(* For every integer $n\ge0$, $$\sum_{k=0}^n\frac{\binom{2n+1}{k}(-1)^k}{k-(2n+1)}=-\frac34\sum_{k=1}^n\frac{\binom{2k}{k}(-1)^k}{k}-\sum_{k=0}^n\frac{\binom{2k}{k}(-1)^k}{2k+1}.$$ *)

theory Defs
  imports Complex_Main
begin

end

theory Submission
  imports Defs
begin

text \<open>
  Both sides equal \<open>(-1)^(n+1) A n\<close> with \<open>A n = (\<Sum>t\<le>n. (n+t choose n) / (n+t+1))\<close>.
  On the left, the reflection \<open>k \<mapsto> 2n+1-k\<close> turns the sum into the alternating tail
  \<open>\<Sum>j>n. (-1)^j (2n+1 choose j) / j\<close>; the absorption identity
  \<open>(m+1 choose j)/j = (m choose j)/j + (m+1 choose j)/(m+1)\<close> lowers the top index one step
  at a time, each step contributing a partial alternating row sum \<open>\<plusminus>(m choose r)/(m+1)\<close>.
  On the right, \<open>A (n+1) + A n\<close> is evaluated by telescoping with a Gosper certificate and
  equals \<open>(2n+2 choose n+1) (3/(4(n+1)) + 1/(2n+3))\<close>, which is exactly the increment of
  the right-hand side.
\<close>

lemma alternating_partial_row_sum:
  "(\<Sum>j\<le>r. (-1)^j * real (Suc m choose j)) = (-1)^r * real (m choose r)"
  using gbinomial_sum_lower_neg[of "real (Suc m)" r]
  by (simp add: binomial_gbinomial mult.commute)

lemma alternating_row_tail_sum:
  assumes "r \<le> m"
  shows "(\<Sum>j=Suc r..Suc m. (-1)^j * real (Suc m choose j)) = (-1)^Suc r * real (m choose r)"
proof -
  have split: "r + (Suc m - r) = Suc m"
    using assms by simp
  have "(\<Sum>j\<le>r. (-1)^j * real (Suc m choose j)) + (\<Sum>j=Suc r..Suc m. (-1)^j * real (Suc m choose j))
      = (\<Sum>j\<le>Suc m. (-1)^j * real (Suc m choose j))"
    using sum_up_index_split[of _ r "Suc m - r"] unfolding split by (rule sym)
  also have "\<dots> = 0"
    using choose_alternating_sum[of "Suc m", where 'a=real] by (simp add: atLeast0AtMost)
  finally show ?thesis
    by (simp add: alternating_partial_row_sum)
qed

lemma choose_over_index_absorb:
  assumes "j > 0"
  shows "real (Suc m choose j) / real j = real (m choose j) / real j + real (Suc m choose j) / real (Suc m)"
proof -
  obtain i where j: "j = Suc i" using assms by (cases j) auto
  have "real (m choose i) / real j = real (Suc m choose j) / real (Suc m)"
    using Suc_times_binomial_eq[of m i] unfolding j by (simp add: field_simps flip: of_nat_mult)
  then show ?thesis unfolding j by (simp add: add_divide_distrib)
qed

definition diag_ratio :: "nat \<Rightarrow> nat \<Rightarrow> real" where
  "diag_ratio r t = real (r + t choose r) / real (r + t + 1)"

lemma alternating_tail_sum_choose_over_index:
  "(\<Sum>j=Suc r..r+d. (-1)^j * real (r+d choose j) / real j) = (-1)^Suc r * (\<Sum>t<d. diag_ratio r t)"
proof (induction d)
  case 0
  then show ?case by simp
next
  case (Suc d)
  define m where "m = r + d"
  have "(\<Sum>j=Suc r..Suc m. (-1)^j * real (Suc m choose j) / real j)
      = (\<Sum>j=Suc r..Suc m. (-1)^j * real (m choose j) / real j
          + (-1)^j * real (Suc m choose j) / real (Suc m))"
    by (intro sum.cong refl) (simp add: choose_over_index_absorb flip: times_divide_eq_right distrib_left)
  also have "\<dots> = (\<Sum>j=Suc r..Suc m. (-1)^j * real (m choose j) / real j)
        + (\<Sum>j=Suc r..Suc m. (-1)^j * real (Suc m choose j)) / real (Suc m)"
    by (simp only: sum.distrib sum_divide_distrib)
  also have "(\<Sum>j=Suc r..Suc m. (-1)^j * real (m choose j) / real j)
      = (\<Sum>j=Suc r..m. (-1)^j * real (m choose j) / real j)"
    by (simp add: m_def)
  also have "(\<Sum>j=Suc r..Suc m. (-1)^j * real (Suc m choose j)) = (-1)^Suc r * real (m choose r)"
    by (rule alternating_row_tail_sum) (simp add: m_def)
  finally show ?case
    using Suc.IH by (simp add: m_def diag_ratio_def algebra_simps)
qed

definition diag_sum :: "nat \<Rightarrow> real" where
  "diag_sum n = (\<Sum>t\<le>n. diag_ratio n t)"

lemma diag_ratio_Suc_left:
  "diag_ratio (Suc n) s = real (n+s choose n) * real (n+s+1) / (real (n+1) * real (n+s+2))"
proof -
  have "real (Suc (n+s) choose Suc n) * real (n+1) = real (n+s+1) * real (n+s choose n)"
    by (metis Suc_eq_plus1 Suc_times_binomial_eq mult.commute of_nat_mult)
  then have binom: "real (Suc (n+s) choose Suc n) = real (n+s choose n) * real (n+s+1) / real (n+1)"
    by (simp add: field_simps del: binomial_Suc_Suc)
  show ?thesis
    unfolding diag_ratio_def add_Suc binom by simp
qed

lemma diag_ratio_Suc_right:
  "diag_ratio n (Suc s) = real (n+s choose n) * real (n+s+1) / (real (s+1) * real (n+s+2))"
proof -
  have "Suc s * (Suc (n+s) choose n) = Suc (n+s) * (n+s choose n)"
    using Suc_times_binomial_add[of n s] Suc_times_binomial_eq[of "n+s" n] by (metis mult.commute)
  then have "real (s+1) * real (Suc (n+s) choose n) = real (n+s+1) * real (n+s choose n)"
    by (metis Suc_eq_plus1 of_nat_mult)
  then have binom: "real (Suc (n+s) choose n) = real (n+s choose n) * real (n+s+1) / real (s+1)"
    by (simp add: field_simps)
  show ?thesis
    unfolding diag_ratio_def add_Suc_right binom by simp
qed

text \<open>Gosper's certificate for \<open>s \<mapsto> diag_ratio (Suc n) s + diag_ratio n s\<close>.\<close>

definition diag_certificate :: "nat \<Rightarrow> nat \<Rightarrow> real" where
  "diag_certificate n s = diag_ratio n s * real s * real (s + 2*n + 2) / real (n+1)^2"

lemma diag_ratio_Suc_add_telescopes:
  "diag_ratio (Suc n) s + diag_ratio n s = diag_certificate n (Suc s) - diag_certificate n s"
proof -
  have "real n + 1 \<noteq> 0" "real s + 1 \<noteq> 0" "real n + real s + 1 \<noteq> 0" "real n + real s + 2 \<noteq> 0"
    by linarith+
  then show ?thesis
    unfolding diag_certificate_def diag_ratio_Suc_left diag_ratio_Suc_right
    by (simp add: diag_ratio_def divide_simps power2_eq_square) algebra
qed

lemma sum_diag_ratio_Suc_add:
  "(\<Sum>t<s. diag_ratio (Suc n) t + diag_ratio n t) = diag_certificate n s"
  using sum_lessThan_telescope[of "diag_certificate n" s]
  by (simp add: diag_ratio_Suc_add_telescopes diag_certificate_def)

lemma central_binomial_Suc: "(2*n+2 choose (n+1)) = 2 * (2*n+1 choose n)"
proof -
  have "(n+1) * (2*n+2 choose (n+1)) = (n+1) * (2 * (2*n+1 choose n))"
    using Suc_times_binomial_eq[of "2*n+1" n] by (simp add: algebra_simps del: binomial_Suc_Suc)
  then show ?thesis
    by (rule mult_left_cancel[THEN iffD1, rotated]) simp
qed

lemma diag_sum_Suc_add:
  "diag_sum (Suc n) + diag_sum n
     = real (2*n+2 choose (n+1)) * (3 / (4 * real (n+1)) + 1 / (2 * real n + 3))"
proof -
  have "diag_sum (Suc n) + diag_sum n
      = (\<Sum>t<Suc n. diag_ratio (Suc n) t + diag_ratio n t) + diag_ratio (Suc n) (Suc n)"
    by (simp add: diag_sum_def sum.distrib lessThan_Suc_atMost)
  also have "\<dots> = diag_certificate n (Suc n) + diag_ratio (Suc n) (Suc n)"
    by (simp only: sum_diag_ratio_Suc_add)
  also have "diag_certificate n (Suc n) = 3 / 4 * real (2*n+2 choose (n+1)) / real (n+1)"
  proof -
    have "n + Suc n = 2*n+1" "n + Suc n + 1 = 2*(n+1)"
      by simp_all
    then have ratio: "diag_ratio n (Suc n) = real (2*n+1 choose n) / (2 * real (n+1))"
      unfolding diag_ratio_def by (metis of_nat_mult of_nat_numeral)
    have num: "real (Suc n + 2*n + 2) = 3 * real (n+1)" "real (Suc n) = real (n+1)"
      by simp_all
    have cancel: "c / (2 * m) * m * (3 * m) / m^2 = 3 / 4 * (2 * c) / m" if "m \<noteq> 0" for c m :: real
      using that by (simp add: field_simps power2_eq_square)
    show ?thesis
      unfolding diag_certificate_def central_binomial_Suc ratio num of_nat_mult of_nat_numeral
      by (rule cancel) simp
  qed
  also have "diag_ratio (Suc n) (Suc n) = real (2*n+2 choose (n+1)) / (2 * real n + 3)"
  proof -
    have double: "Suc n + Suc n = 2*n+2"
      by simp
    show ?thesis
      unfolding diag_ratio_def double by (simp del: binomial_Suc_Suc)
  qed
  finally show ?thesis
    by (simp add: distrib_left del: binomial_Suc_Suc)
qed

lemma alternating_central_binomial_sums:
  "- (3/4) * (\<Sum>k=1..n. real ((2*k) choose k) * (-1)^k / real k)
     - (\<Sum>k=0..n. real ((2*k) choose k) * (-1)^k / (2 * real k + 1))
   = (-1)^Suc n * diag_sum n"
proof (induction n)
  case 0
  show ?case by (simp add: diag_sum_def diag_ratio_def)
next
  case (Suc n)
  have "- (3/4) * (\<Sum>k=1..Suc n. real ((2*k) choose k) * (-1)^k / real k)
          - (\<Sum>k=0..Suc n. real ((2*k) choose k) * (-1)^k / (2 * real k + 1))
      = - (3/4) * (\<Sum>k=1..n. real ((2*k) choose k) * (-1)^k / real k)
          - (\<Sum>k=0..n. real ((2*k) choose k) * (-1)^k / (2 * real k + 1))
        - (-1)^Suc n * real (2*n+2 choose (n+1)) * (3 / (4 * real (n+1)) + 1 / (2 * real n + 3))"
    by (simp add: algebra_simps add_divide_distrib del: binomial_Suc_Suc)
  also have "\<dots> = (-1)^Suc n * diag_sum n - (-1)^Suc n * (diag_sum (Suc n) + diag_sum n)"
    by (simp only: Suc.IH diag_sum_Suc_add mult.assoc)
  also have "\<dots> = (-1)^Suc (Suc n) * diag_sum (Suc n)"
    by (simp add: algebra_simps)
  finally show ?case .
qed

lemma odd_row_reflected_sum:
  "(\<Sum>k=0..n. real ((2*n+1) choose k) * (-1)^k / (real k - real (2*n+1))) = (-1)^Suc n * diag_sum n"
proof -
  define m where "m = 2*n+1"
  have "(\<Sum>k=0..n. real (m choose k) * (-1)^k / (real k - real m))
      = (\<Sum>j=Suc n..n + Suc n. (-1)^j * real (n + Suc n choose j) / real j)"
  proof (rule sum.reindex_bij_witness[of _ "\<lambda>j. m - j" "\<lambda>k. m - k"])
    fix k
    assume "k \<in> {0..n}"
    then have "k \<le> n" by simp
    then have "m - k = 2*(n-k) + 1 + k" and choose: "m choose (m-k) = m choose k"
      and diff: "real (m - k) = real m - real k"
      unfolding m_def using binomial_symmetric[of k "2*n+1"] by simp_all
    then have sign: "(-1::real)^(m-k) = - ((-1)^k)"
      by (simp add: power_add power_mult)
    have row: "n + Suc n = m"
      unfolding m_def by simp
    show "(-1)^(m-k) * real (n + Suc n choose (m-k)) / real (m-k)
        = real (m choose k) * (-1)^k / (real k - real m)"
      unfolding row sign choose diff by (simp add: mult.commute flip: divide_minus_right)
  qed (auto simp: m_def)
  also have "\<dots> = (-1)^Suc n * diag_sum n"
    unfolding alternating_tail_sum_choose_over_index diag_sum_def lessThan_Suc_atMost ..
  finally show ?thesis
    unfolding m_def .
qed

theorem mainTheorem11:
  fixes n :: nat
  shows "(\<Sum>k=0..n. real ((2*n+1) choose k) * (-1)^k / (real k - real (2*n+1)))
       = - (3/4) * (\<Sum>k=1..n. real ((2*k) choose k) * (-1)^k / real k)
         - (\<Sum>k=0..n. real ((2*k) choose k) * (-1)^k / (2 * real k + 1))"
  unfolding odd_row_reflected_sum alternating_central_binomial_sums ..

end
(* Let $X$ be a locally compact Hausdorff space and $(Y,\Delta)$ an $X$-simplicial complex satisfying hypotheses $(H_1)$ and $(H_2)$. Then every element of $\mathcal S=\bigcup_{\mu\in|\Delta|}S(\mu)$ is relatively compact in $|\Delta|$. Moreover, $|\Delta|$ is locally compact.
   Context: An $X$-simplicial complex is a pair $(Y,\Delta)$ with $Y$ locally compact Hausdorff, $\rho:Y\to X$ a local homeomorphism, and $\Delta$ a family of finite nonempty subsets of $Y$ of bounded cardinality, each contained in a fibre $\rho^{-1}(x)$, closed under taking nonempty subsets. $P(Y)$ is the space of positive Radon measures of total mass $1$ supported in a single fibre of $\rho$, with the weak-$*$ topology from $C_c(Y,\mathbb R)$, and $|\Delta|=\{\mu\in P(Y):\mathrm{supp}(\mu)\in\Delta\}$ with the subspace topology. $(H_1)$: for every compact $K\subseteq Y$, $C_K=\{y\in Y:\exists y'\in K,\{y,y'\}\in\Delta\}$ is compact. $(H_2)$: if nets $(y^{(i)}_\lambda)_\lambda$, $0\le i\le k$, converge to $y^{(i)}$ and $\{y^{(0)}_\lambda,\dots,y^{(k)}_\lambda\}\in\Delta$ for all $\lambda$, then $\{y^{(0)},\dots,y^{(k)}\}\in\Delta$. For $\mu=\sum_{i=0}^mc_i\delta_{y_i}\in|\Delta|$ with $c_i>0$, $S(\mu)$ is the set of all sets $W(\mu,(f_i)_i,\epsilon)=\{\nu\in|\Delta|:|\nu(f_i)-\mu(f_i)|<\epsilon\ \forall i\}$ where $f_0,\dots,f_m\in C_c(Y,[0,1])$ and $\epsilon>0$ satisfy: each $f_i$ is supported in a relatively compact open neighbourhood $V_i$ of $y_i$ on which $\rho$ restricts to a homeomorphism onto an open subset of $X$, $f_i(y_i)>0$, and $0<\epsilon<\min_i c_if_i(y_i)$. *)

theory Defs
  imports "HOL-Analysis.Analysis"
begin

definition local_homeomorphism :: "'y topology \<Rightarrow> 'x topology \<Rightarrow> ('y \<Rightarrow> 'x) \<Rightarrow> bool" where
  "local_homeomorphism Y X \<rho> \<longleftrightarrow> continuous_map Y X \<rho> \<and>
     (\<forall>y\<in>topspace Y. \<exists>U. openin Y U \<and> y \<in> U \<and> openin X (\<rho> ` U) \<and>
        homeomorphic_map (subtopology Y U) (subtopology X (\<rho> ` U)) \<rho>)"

Exercise ▸
All lines above from the one containing "unfolding row sign" to the one containing "(* Let $X$ be" must be repeated exactly, both lines included, and no others.

Exercise output ▸
      unfolding row sign choose diff by (simp add: mult.commute flip: divide_minus_right)
  qed (auto simp: m_def)
  also have "\<dots> = (-1)^Suc n * diag_sum n"
    unfolding alternating_tail_sum_choose_over_index diag_sum_def lessThan_Suc_atMost ..
  finally show ?thesis
    unfolding m_def .
qed

theorem mainTheorem11:
  fixes n :: nat
  shows "(\<Sum>k=0..n. real ((2*n+1) choose k) * (-1)^k / (real k - real (2*n+1)))
       = - (3/4) * (\<Sum>k=1..n. real ((2*k) choose k) * (-1)^k / real k)
         - (\<Sum>k=0..n. real ((2*k) choose k) * (-1)^k / (2 * real k + 1))"
  unfolding odd_row_reflected_sum alternating_central_binomial_sums ..

end
(* Let $X$ be a locally compact Hausdorff space and $(Y,\Delta)$ an $X$-simplicial complex satisfying hypotheses $(H_1)$ and $(H_2)$. Then every element of $\mathcal S=\bigcup_{\mu\in|\Delta|}S(\mu)$ is relatively compact in $|\Delta|$. Moreover, $|\Delta|$ is locally compact.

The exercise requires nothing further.